С 1952 года «Ла Пренсу» издавал Педро Хоакин Чаморро[731]. В 1959 году он отправился на Кубу, чтобы попросить у Фиделя Кастро и Че Гевары оружия для свержения Сомосы. Кубинцы консерваторам не помогли, и тогда Чаморро перебрался в Коста‑Рику, откуда два вооруженных отряда консерваторов в том же 1959‑м перелетели в Никарагуа и попытались начать партизанскую борьбу. Однако в течение недели они были разбиты (причем без особого сопротивления), и Педро Хоакин Чаморро отправился в тюрьму на семь месяцев. В 1967 году его опять арестовали за организацию массовой демонстрации против Сомосы, которая была жестоко подавлена национальной гвардией. На этот раз Чаморро отсидел 45 суток. В 1974 году Педро Хоакин Чаморро создал оппозиционный легальный блок – Демократический союз освобождения (испанская аббревиатура УДЕЛ).

Газета «Ла Пренса» ожесточенно критиковала диктатуру, особенно после землетрясения в Манагуа в 1972 году, обвиняя Сомосу в присвоении поступившей из‑за рубежа гуманитарной помощи. Поэтому «Ла Пренса» была очень популярна, а Педро Хоакин Чаморро фактически являлся лидером легальной оппозиции.

Естественно, что диктатура, особенно до 70‑х годов, прибегала к цензуре, которая в Никарагуа была обычным делом. Но когда цензор запрещал очередную статью, «Ла Пренса» помещала вместо нее фото популярной голливудской кинозвезды тех времен Авы Гарднер.
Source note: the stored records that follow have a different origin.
lemma exists_small_exceptional_set:
  fixes p :: "nat \<Rightarrow> nat" and r dd L :: real and J :: nat
  defines "L \<equiv> ln (1/r)"
  assumes gen: "coprime_generators 2 p" and r: "0 < r" "r < 1" and dd: "0 < dd" "dd \<le> 1/2"
  shows "\<exists>E. E \<subseteq> {-1/2..1/2} \<and> E \<in> sets lebesgue \<and>
           measure lebesgue E
             \<le> 3 * real (p 1) * (4 * real (p 1) + 2) ^ (2 * J) * (L + 1) ^ (2 * J + 1) * r powr (1 - dd) \<and>
           (\<forall>y \<in> {-1/2..1/2} - E. dd * L / ln (p 2) * J / (4 * real (p 1) ^ 2) \<le> Sigma_sum 2 p r y)"
proof -
  define q where "q = p 1"
  define Q where "Q = p 2"
  have q: "2 \<le> q" and Q: "2 \<le> Q"
    using gen by (auto simp: coprime_generators_def q_def Q_def)
  have "0 \<le> L" "0 < ln Q"
    using r Q by (auto simp: L_def)
  have "ln 2 \<le> ln Q"
    using Q by simp
  then have "dd * L / ln Q \<le> L"
    using dd ln2_ge_two_thirds \<open>0 \<le> L\<close> \<open>0 < ln Q\<close> by (simp add: field_simps mult_left_mono)
  define C0 where "C0 = nat \<lfloor>dd * L / ln Q\<rfloor>"
  have C0: "real C0 \<le> dd * L / ln Q" "dd * L / ln Q \<le> real C0 + 1"
    unfolding C0_def using nat_floor_bounds \<open>0 \<le> L\<close> \<open>0 < ln Q\<close> dd by auto
  have c: "real c * ln Q \<le> dd * L" if "c \<le> C0" for c
    using C0(1) that \<open>0 < ln Q\<close> by (simp add: field_simps) (meson le_divide_eq of_nat_le_iff order_trans)
  have "\<exists>N. c \<le> C0 \<longrightarrow> real q ^ N * (r * real Q ^ c) \<le> 1 \<and> 1 < real q ^ Suc N * (r * real Q ^ c)" for c
  proof (cases "c \<le> C0")
    case True
    have "r * real Q ^ c \<le> r * r powr (- dd)"
      using power_le_powr_if_ln_le[of Q r c dd] c[OF True] Q r by (simp add: L_def)
    also have "\<dots> = r powr (1 - dd)"
      using r by (simp add: powr_diff powr_minus field_simps)
    also have "\<dots> \<le> 1"
      using r dd by (intro powr_le1) auto
    finally show ?thesis
      using exists_power_bracket[OF q, of "r * real Q ^ c"] r Q by simp
  qed simp
  then obtain N where "\<And>c. c \<le> C0 \<Longrightarrow> real q ^ N c * (r * real Q ^ c) \<le> 1"
    "\<And>c. c \<le> C0 \<Longrightarrow> 1 < real q ^ Suc (N c) * (r * real Q ^ c)"
    by metis
  moreover have "real C0 \<le> L"
    using C0(1) \<open>dd * L / ln Q \<le> L\<close> by linarith
  ultimately obtain E where E: "E \<subseteq> {-1/2..1/2}" "E \<in> sets lebesgue"
    "measure lebesgue E \<le> 3 * real q * (4 * real q + 2) ^ (2 * J) * (L + 1) ^ (2 * J + 1) * r powr (1 - dd)"
    and lower: "\<And>y. y \<in> {-1/2..1/2} - E \<Longrightarrow> (real C0 + 1) * real J / (4 * real q ^ 2) \<le> Sigma_sum 2 p r y"
    using exceptional_set_bounds[OF gen r, of C0 dd N J] c unfolding q_def Q_def L_def by blast
  have "dd * L / ln Q * J / (4 * real q ^ 2) \<le> (real C0 + 1) * real J / (4 * real q ^ 2)"
    using C0(2) by (intro divide_right_mono mult_right_mono) auto
  then show ?thesis
    using E order_trans[OF _ lower] by (intro exI[of _ E]) (auto simp: q_def Q_def)
qed
lemma prob_space_bernoulli_measure: "prob_space (bernoulli_measure p)"
  unfolding bernoulli_measure_def by (rule prob_space_PiM) (simp add: prob_space_measure_pmf)

lemma funpow_shift: "(shift ^^ k) \<omega> = (\<lambda>i. \<omega> (k + i))"
  by (induction k arbitrary: \<omega>) (auto simp: shift_def)

lemma all_less_shift_iff:
  fixes k N :: nat
  shows "(\<forall>i<N. x (k + i) = c i) \<longleftrightarrow> (\<forall>i\<in>{k..<k + N}. x i = c (i - k))"
proof
  assume H: "\<forall>i<N. x (k + i) = c i"
  show "\<forall>i\<in>{k..<k + N}. x i = c (i - k)"
  proof
    fix i assume "i \<in> {k..<k + N}"
    then have "i - k < N" and "k + (i - k) = i"
      by auto
    then show "x i = c (i - k)"
      using H by metis
  qed
qed auto

lemma sets_bernoulli_block: "{\<omega>. \<forall>i<N. \<omega> (k + i) = c i} \<in> sets (bernoulli_measure p)"
proof -
  have "{\<omega>. \<forall>i<N. \<omega> (k + i) = c i}
      = {\<omega> \<in> space (bernoulli_measure p). \<forall>i\<in>{k..<k + N}. \<omega> i \<in> {c (i - k)}}"
    by (simp add: all_less_shift_iff)
  also have "\<dots> \<in> sets (bernoulli_measure p)"
    unfolding bernoulli_measure_def by (rule sets.sets_Collect_finite_All) auto
  finally show ?thesis .
qed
Иногда выпуск «Ла Пренсы» чуть ли не целиком состоял из портретов кинодивы. Тогда уличные продавцы кричали вместо «Ла Пренса, Ла Пренса!» – «Ава Гарднер! Ава Гарднер!», и никарагуанцы понимали, что газета опять подверглась цензуре. Это только увеличивало ее популярность. Тираж «Авы Гарднер» резко возрастал.

В 70‑е годы «просвещенный» Сомоса реже прибегал к обычной цензуре. Диктатура использовала экономические рычаги: «Ла Пренсе» продавали запчасти для типографского оборудования по повышенной цене и облагали газету различными налогами и сборами. Журналистов газеты (среди которых, кстати, был один из лидеров СФНО Байардо Арсе) отсекали от любых официальных мероприятий, допуская на них только «своих» корреспондентов.

Сам Сомоса издавал газету «Новедадес» («Новости»). Диктатору подчинялись оба канала телевидения и три десятка радиостанций. «Ла Пренсу» Сомоса терпел как доказательство существования в Никарагуа свободы прессы, но еще и потому, что газету читали в основном просвещенные обеспеченные городские слои, от которых диктатор в принципе не ждал особых неприятностей.

10 января 1978 года Педро Хоакин Чаморро был убит неизвестными, когда на своей машине ехал на работу. Общественное мнение немедленно обвинило в этом преступлении Сомосу, и в стране началась первая общенациональная забастовка против диктатуры, которая позднее переросла в вооруженное восстание[732].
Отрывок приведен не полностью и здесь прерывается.